- _WORK ORDER_: In the listing below, find the line that contains "(HB - P) 0 (C" and the line that contains "unfolding Q_def using". Quote both and every line between them, exactly, and nothing more.

- _EXERCISE DATA_:
(* Let $ABC$ be a triangle and let $P$ be a point. Let $H_A, H_B, H_C$ be the orthocenters of the triangles $BPC$, $CPA$, $PAB$ respectively, and let $\triangle_A, \triangle_B, \triangle_C$ denote the triangles $AH_BH_C$, $BH_CH_A$, $CH_AH_B$ respectively. Then $\triangle_A, \triangle_B, \triangle_C$ have a common orthocenter.
   Context: All triangles involved are assumed nondegenerate so that their orthocenters are defined. *)

theory Defs
  imports "HOL-Analysis.Analysis"
begin

definition nondegenerate_triangle :: "real^2 \<Rightarrow> real^2 \<Rightarrow> real^2 \<Rightarrow> bool" where
  "nondegenerate_triangle X Y Z \<longleftrightarrow> \<not> collinear {X, Y, Z}"

definition is_orthocenter :: "real^2 \<Rightarrow> real^2 \<Rightarrow> real^2 \<Rightarrow> real^2 \<Rightarrow> bool" where
  "is_orthocenter H X Y Z \<longleftrightarrow>
     (H - X) \<bullet> (Y - Z) = 0 \<and> (H - Y) \<bullet> (Z - X) = 0 \<and> (H - Z) \<bullet> (X - Y) = 0"

definition orthocenter :: "real^2 \<Rightarrow> real^2 \<Rightarrow> real^2 \<Rightarrow> real^2" where
  "orthocenter X Y Z = (THE H. is_orthocenter H X Y Z)"

end

theory Submission
  imports Defs
begin

text \<open>Put P at the origin and write \<open>\<ell>\<^sub>X\<close> for the line through \<open>H\<^sub>X\<close> parallel to PX.
  In the triangle \<open>A H\<^sub>B H\<^sub>C\<close> the altitude from \<open>H\<^sub>B\<close> is perpendicular to \<open>AH\<^sub>C\<close>, which is
  itself perpendicular to PB; so this altitude is \<open>\<ell>\<^sub>B\<close>, and likewise the altitude from \<open>H\<^sub>C\<close>
  is \<open>\<ell>\<^sub>C\<close>. Hence each of the three orthocenters is the intersection of two of the lines
  \<open>\<ell>\<^sub>A, \<ell>\<^sub>B, \<ell>\<^sub>C\<close>, and it suffices that these lines are concurrent. Writing \<open>\<ell>\<^sub>X\<close> as
  \<open>q \<times> x = H\<^sub>X \<times> x\<close> with \<open>\<times>\<close> the planar cross product, concurrency amounts to
  \<open>(b \<times> c)(H\<^sub>A \<times> a) + (c \<times> a)(H\<^sub>B \<times> b) + (a \<times> b)(H\<^sub>C \<times> c) = 0\<close>, and
  \<open>(b \<times> c)(H\<^sub>A \<times> a) = (b \<cdot> c)(a \<cdot> (c - b))\<close>, whose cyclic sum vanishes.\<close>

definition cross2 :: "real^2 \<Rightarrow> real^2 \<Rightarrow> real" where
  "cross2 x y = x$1 * y$2 - x$2 * y$1"

lemma inner_real2: "(x::real^2) \<bullet> y = x$1 * y$1 + x$2 * y$2"
  by (simp add: inner_vec_def sum_2)

lemma vec2_eqI: "(x::real^2)$1 = y$1 \<Longrightarrow> x$2 = y$2 \<Longrightarrow> x = y"
  by (simp add: vec_eq_iff forall_2)

lemma cross2_diff_left: "cross2 (x - y) w = cross2 x w - cross2 y w"
  by (simp add: cross2_def algebra_simps)

lemma cross2_cyclic_sum:
  "cross2 b c * cross2 q a + cross2 c a * cross2 q b + cross2 a b * cross2 q c = 0"
  by (simp add: cross2_def algebra_simps)

lemma collinear_if_cross2_eq_0:
  assumes "cross2 (Y - X) (Z - X) = 0"
  shows "collinear {X, Y, Z}"
proof -
  define u v where "u = Y - X" and "v = Z - X"
  have uv: "u$1 * v$2 = u$2 * v$1"
    using assms by (simp add: cross2_def u_def v_def)
  have "u = 0 \<or> (\<exists>c. v = c *\<^sub>R u)"
  proof (cases "u$1 = 0")
    case True
    show ?thesis
    proof (cases "u$2 = 0")
      case False
      with True uv have "v = (v$2 / u$2) *\<^sub>R u"
        by (intro vec2_eqI) auto
      then show ?thesis by blast
    qed (use True in \<open>simp add: vec2_eqI\<close>)
  next
    case False
    with uv have "v = (v$1 / u$1) *\<^sub>R u"
      by (intro vec2_eqI) (auto simp: field_simps)
    then show ?thesis by blast
  qed
  then have "collinear {0, u, v}"
    by (auto simp: collinear_lemma)
  moreover have "{X, Y, Z} = {Y, X, Z}"
    by auto
  ultimately show ?thesis
    by (simp add: collinear_3 u_def v_def)
qed

lemma nondegenerate_triangle_cross2:
  "nondegenerate_triangle X Y Z \<Longrightarrow> cross2 (Y - X) (Z - X) \<noteq> 0"
  using collinear_if_cross2_eq_0 nondegenerate_triangle_def by blast

lemma nondegenerate_triangle_swap:
  "nondegenerate_triangle X Y Z \<Longrightarrow> nondegenerate_triangle Y X Z"
  by (simp add: nondegenerate_triangle_def insert_commute)

lemma nondegenerate_triangle_distinct:
  "nondegenerate_triangle X Y Z \<Longrightarrow> X \<noteq> Y \<and> Y \<noteq> Z \<and> X \<noteq> Z"
  unfolding nondegenerate_triangle_def
  by (metis collinear_2 insert_absorb2 insert_commute)

lemma exists_inner_eq_pair:
  assumes "cross2 u v \<noteq> 0"
  shows "\<exists>h. h \<bullet> u = r \<and> h \<bullet> v = s"
proof -
  define h :: "real^2" where
    "h = vector [(r * v$2 - s * u$2) / cross2 u v, (s * u$1 - r * v$1) / cross2 u v]"
  have h1: "h$1 * cross2 u v = r * v$2 - s * u$2" and h2: "h$2 * cross2 u v = s * u$1 - r * v$1"
    using assms by (simp_all add: h_def)
  have "(h \<bullet> u) * cross2 u v = r * cross2 u v" "(h \<bullet> v) * cross2 u v = s * cross2 u v"
    using h1 h2 unfolding inner_real2 cross2_def by algebra+
  with assms show ?thesis by auto
qed

lemma eq_0_if_orthogonal_independent:
  assumes "d \<bullet> u = 0" "d \<bullet> v = 0" "cross2 u v \<noteq> 0"
  shows "d = 0"
proof -
  have "d$1 * cross2 u v = 0" "d$2 * cross2 u v = 0"
    using assms(1,2) unfolding inner_real2 cross2_def by algebra+
  with assms(3) show ?thesis by (intro vec2_eqI) auto
qed

lemma eq_0_if_parallel_independent:
  assumes "cross2 d u = 0" "cross2 d v = 0" "cross2 u v \<noteq> 0"
  shows "d = 0"
proof -
  have "d$1 * cross2 u v = 0" "d$2 * cross2 u v = 0"
    using assms(1,2) unfolding cross2_def by algebra+
  with assms(3) show ?thesis by (intro vec2_eqI) auto
qed

lemma cross2_eq_0_if_common_normal:
  assumes "u \<bullet> w = 0" "v \<bullet> w = 0" "w \<noteq> 0"
  shows "cross2 u v = 0"
proof -
  have "w$1 * cross2 u v = 0" "w$2 * cross2 u v = 0"
    using assms(1,2) unfolding inner_real2 cross2_def by algebra+
  moreover have "w$1 \<noteq> 0 \<or> w$2 \<noteq> 0"
    using assms(3) by (metis vec2_eqI zero_index)
  ultimately show ?thesis by auto
qed

lemma is_orthocenter_swap12:
  "is_orthocenter H X Y Z \<Longrightarrow> is_orthocenter H Y X Z"
  unfolding is_orthocenter_def by (simp add: inner_diff_right)

lemma is_orthocenter_swap23:
  "is_orthocenter H X Y Z \<Longrightarrow> is_orthocenter H X Z Y"
  unfolding is_orthocenter_def by (simp add: inner_diff_right)

lemma is_orthocenter_translate:
  "is_orthocenter H X Y Z \<Longrightarrow> is_orthocenter (H - P) (X - P) (Y - P) (Z - P)"
  unfolding is_orthocenter_def by simp

lemma is_orthocenter_iff_two_altitudes:
  "is_orthocenter H X Y Z \<longleftrightarrow> (H - X) \<bullet> (Y - Z) = 0 \<and> (H - Y) \<bullet> (Z - X) = 0"
proof -
  have "(H - X) \<bullet> (Y - Z) + (H - Y) \<bullet> (Z - X) + (H - Z) \<bullet> (X - Y) = 0"
    by (simp add: inner_diff_left inner_diff_right inner_commute)
  then show ?thesis
    unfolding is_orthocenter_def by linarith
qed

lemma is_orthocenter_unique:
  assumes "nondegenerate_triangle X Y Z" "is_orthocenter H X Y Z" "is_orthocenter H' X Y Z"
  shows "H = H'"
proof -
  have "cross2 (Y - Z) (Z - X) \<noteq> 0"
    using nondegenerate_triangle_cross2[OF assms(1)] by (simp add: cross2_def algebra_simps)
  moreover have "(H - H') \<bullet> (Y - Z) = 0" "(H - H') \<bullet> (Z - X) = 0"
    using assms(2,3) unfolding is_orthocenter_def by (simp_all add: inner_diff_left)
  ultimately have "H - H' = 0"
    by (rule eq_0_if_orthogonal_independent[rotated 2])
  then show ?thesis by simp
qed

lemma is_orthocenter_orthocenter:
  assumes "nondegenerate_triangle X Y Z"
  shows "is_orthocenter (orthocenter X Y Z) X Y Z"
proof -
  have "cross2 (Y - Z) (Z - X) \<noteq> 0"
    using nondegenerate_triangle_cross2[OF assms] by (simp add: cross2_def algebra_simps)
  then obtain H where "H \<bullet> (Y - Z) = X \<bullet> (Y - Z)" "H \<bullet> (Z - X) = Y \<bullet> (Z - X)"
    using exists_inner_eq_pair by blast
  then have H: "is_orthocenter H X Y Z"
    by (simp add: is_orthocenter_iff_two_altitudes inner_diff_left)
  show ?thesis
    unfolding orthocenter_def using is_orthocenter_unique[OF assms _ H]
    by (rule theI[where P = "\<lambda>H. is_orthocenter H X Y Z", OF H])
qed

lemma cross2_orthocenter_origin:
  assumes "is_orthocenter h 0 b c"
  shows "cross2 b c * cross2 h a = (b \<bullet> c) * (a \<bullet> (c - b))"
proof -
  have hb: "h \<bullet> b = b \<bullet> c" and hc: "h \<bullet> c = b \<bullet> c"
    using assms unfolding is_orthocenter_def by (simp_all add: inner_diff_left inner_diff_right)
  have h1: "cross2 b c * h$1 = c$2 * (h \<bullet> b) - b$2 * (h \<bullet> c)"
    and h2: "cross2 b c * h$2 = b$1 * (h \<bullet> c) - c$1 * (h \<bullet> b)"
    by (simp_all add: cross2_def inner_real2 algebra_simps)
  have "cross2 b c * cross2 h a = (cross2 b c * h$1) * a$2 - (cross2 b c * h$2) * a$1"
    by (simp add: cross2_def[of h a] algebra_simps)
  also have "\<dots> = (b \<bullet> c) * (a \<bullet> (c - b))"
    unfolding h1 h2 hb hc by (simp add: inner_real2 algebra_simps)
  finally show ?thesis .
qed

lemma parallels_concurrent_origin:
  assumes "is_orthocenter ha 0 b c" "is_orthocenter hb 0 c a" "is_orthocenter hc 0 a b"
    and "cross2 (q - hb) b = 0" "cross2 (q - hc) c = 0" "cross2 b c \<noteq> 0"
  shows "cross2 (q - ha) a = 0"
proof -
  have "cross2 b c * cross2 ha a + cross2 c a * cross2 hb b + cross2 a b * cross2 hc c = 0"
    unfolding cross2_orthocenter_origin[OF assms(1)] cross2_orthocenter_origin[OF assms(2)]
      cross2_orthocenter_origin[OF assms(3)]
    by (simp add: inner_commute algebra_simps)
  with cross2_cyclic_sum[of b c q a]
  have "cross2 b c * cross2 (q - ha) a + cross2 c a * cross2 (q - hb) b
      + cross2 a b * cross2 (q - hc) c = 0"
    by (simp add: cross2_diff_left algebra_simps)
  with assms(4-6) show ?thesis by simp
qed

lemma parallels_concurrent:
  assumes "is_orthocenter HA P B C" "is_orthocenter HB P C A" "is_orthocenter HC P A B"
    and "cross2 (Q - HB) (B - P) = 0" "cross2 (Q - HC) (C - P) = 0"
    and "cross2 (B - P) (C - P) \<noteq> 0"
  shows "cross2 (Q - HA) (A - P) = 0"
proof -
  have "cross2 ((Q - P) - (HA - P)) (A - P) = 0"
  proof (rule parallels_concurrent_origin)
    show "is_orthocenter (HA - P) 0 (B - P) (C - P)"
      using is_orthocenter_translate[OF assms(1), of P] by simp
    show "is_orthocenter (HB - P) 0 (C - P) (A - P)"
      using is_orthocenter_translate[OF assms(2), of P] by simp
    show "is_orthocenter (HC - P) 0 (A - P) (B - P)"
      using is_orthocenter_translate[OF assms(3), of P] by simp
  qed (use assms(4-6) in simp_all)
  then show ?thesis by simp
qed

lemma altitude_parallel:
  assumes "is_orthocenter Q A HB HC" "is_orthocenter HC P A B" "A \<noteq> HC"
  shows "cross2 (Q - HB) (B - P) = 0"
proof (rule cross2_eq_0_if_common_normal)
  show "(Q - HB) \<bullet> (HC - A) = 0"
    using assms(1) by (simp add: is_orthocenter_def)
  show "(B - P) \<bullet> (HC - A) = 0"
    using assms(2) by (simp add: is_orthocenter_def inner_commute)
  show "HC - A \<noteq> 0"
    using assms(3) by simp
qed

lemma orthocenter_on_parallels:
  assumes "is_orthocenter HA P B C" "is_orthocenter HB P C A" "is_orthocenter HC P A B"
    and "nondegenerate_triangle A HB HC" "cross2 (B - P) (C - P) \<noteq> 0"
  defines "Q \<equiv> orthocenter A HB HC"
  shows "cross2 (Q - HA) (A - P) = 0 \<and> cross2 (Q - HB) (B - P) = 0 \<and> cross2 (Q - HC) (C - P) = 0"
proof -
  have Q: "is_orthocenter Q A HB HC"
    unfolding Q_def using assms(4) by (rule is_orthocenter_orthocenter)
  have "A \<noteq> HB" "A \<noteq> HC"
    using nondegenerate_triangle_distinct[OF assms(4)] by auto
  then have "cross2 (Q - HB) (B - P) = 0" "cross2 (Q - HC) (C - P) = 0"
    using altitude_parallel[OF Q assms(3)]
      altitude_parallel[OF is_orthocenter_swap23[OF Q] is_orthocenter_swap23[OF assms(2)]]
    by auto
  with parallels_concurrent[OF assms(1-3)] assms(5) show ?thesis by blast
qed

lemma parallels_intersection_unique:
  assumes "cross2 (Q - HA) (A - P) = 0" "cross2 (Q - HB) (B - P) = 0"
    and "cross2 (R - HA) (A - P) = 0" "cross2 (R - HB) (B - P) = 0"
    and "cross2 (A - P) (B - P) \<noteq> 0"
  shows "Q = R"
proof -
  have "cross2 (Q - R) (A - P) = 0"
    using assms(1,3) cross2_diff_left[of "Q - HA" "R - HA" "A - P"] by simp
  moreover have "cross2 (Q - R) (B - P) = 0"
    using assms(2,4) cross2_diff_left[of "Q - HB" "R - HB" "B - P"] by simp
  ultimately have "Q - R = 0"
    using assms(5) by (rule eq_0_if_parallel_independent)
  then show ?thesis by simp
qed

theorem proposition2p1:
  fixes A B C P :: "real^2"
  defines "HA \<equiv> orthocenter B P C"
      and "HB \<equiv> orthocenter C P A"
      and "HC \<equiv> orthocenter P A B"
  assumes "nondegenerate_triangle A B C"
      and "nondegenerate_triangle B P C"
      and "nondegenerate_triangle C P A"
      and "nondegenerate_triangle P A B"
      and "nondegenerate_triangle A HB HC"
      and "nondegenerate_triangle B HC HA"
      and "nondegenerate_triangle C HA HB"
  shows "orthocenter A HB HC = orthocenter B HC HA
       \<and> orthocenter B HC HA = orthocenter C HA HB"
proof -
  have oA: "is_orthocenter HA P B C"
    unfolding HA_def using assms(5) is_orthocenter_orthocenter is_orthocenter_swap12 by blast
  have oB: "is_orthocenter HB P C A"
    unfolding HB_def using assms(6) is_orthocenter_orthocenter is_orthocenter_swap12 by blast
  have oC: "is_orthocenter HC P A B"
    unfolding HC_def using assms(7) is_orthocenter_orthocenter by blast
  have BC: "cross2 (B - P) (C - P) \<noteq> 0" and CA: "cross2 (C - P) (A - P) \<noteq> 0"
    and AB: "cross2 (A - P) (B - P) \<noteq> 0"
    using assms(5-7) nondegenerate_triangle_cross2 nondegenerate_triangle_swap by blast+
  note QA = orthocenter_on_parallels[OF oA oB oC assms(8) BC]
  note QB = orthocenter_on_parallels[OF oB oC oA assms(9) CA]
  note QC = orthocenter_on_parallels[OF oC oA oB assms(10) AB]
  have "orthocenter A HB HC = orthocenter B HC HA"
    using QA QB by (intro parallels_intersection_unique[OF _ _ _ _ AB]) auto
  moreover have "orthocenter B HC HA = orthocenter C HA HB"
    using QB QC by (intro parallels_intersection_unique[OF _ _ _ _ AB]) auto
  ultimately show ?thesis ..
qed

end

- _RESULT OF THIS EXERCISE_:
    show "is_orthocenter (HB - P) 0 (C - P) (A - P)"
      using is_orthocenter_translate[OF assms(2), of P] by simp
    show "is_orthocenter (HC - P) 0 (A - P) (B - P)"
      using is_orthocenter_translate[OF assms(3), of P] by simp
  qed (use assms(4-6) in simp_all)
  then show ?thesis by simp
qed

lemma altitude_parallel:
  assumes "is_orthocenter Q A HB HC" "is_orthocenter HC P A B" "A \<noteq> HC"
  shows "cross2 (Q - HB) (B - P) = 0"
proof (rule cross2_eq_0_if_common_normal)
  show "(Q - HB) \<bullet> (HC - A) = 0"
    using assms(1) by (simp add: is_orthocenter_def)
  show "(B - P) \<bullet> (HC - A) = 0"
    using assms(2) by (simp add: is_orthocenter_def inner_commute)
  show "HC - A \<noteq> 0"
    using assms(3) by simp
qed

lemma orthocenter_on_parallels:
  assumes "is_orthocenter HA P B C" "is_orthocenter HB P C A" "is_orthocenter HC P A B"
    and "nondegenerate_triangle A HB HC" "cross2 (B - P) (C - P) \<noteq> 0"
  defines "Q \<equiv> orthocenter A HB HC"
  shows "cross2 (Q - HA) (A - P) = 0 \<and> cross2 (Q - HB) (B - P) = 0 \<and> cross2 (Q - HC) (C - P) = 0"
proof -
  have Q: "is_orthocenter Q A HB HC"
    unfolding Q_def using assms(4) by (rule is_orthocenter_orthocenter)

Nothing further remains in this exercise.